The motivation is that if the null hypothesis is true then any random arrangements of the data in the two groups would have the same pattern. That is if the samples for the two conditions are drawn from the same population then a shuffle and rearrangement of them would still give the same distribution in both conditions. For the example mentioned above if the mean sale in the discount group is $53 and the control group is $48 then the absolute difference of approx $53–$48=$5 is observed. But to know whether it is statistically significant we would do the shuffling and rearranging and observe the probability of getting the mean difference of $5 or higher and accordingly reject our null hypothesis or otherwise.

With n1 observations in condition 1 and n2 observations in condition 2, they can be shuffled together and rearranged by choosing n1/n2 out of n1+n2 to put in one condition. Then the rearranged values are averaged in both conditions and the p-value is compared to the significance.

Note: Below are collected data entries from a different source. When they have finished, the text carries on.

lemma orthonormal_list_ConsD:
  assumes on: "orthonormal_list n (w # us)"
  shows "w \<in> carrier_vec n" and "w \<bullet> w = 1" and "\<And>u. u \<in> set us \<Longrightarrow> u \<bullet> w = 0"
    and "orthonormal_list n us"
proof -
  have "set (w # us) \<subseteq> carrier_vec n"
    using on unfolding orthonormal_list_def by (rule conjunct1)
  then have w: "w \<in> carrier_vec n" and us: "set us \<subseteq> carrier_vec n" by simp_all
  then show "w \<in> carrier_vec n" by simp
  show "w \<bullet> w = 1" using orthonormal_listD(2)[OF on, of 0 0] by simp
  show "u \<bullet> w = 0" if "u \<in> set us" for u
  proof -
    from that obtain j where "j < length us" "us!j = u" by (auto simp: in_set_conv_nth)
    then show ?thesis using orthonormal_listD(2)[OF on, of "Suc j" 0] by auto
  qed
  show "orthonormal_list n us"
    unfolding orthonormal_list_def
  proof (intro conjI allI impI)
    show "set us \<subseteq> carrier_vec n" by (rule us)
    fix i j assume "i < length us" "j < length us"
    then show "us!i \<bullet> us!j = (if i = j then 1 else 0)"
      using orthonormal_listD(2)[OF on, of "Suc i" "Suc j"] by simp
  qed
qed

lemma orthonormal_list_ConsI:
  assumes w: "w \<in> carrier_vec n" and w1: "w \<bullet> w = 1"
    and orth: "\<And>u. u \<in> set us \<Longrightarrow> u \<bullet> w = 0" and on: "orthonormal_list n us"
  shows "orthonormal_list n (w # us)"
proof -
  have us: "set us \<subseteq> carrier_vec n" using on unfolding orthonormal_list_def by simp
  have orth': "w \<bullet> us!j = 0" "us!j \<bullet> w = 0" if "j < length us" for j
  proof -
    have "us!j \<in> set us" using that by simp
    then show "us!j \<bullet> w = 0" "w \<bullet> us!j = 0"
      using orth comm_scalar_prod[OF w, of "us!j"] us by auto
  qed
  show ?thesis unfolding orthonormal_list_def
  proof (intro conjI allI impI)
    show "set (w # us) \<subseteq> carrier_vec n" using w us by simp
    fix i j assume i: "i < length (w # us)" and j: "j < length (w # us)"
    show "(w # us) ! i \<bullet> (w # us) ! j = (if i = j then 1 else 0)"
    proof (cases i; cases j)
      fix j' assume "i = 0" "j = Suc j'"
      then show ?thesis using j orth' by simp
    next
      fix i' assume "i = Suc i'" "j = 0"
      then show ?thesis using i orth' by simp
    next
      fix i' j' assume "i = Suc i'" "j = Suc j'"
      then show ?thesis using i j orthonormal_listD(2)[OF on] by simp
    qed (use w1 in simp)
  qed
qed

The motivation is if the null hypothesis is true then repeated random rearrangements of the values into two groups would not produce a statistically significant difference between the means.

In the permutation test, all kind of rearrangements is carried out that is

Number of permutations=n1+n2 choose n1= n1+n2 choose n2

which is computationally expensive therefore the randomization test is preferred where resampling and test statistic is repeated in the order of 1000–10000. After which the usual steps such as p-value comparison is carried out.

Permutation/randomization test

Permutation/Randomization tests are free from the assumption of Normalization which makes them a lot more robust compared to more common test statistics.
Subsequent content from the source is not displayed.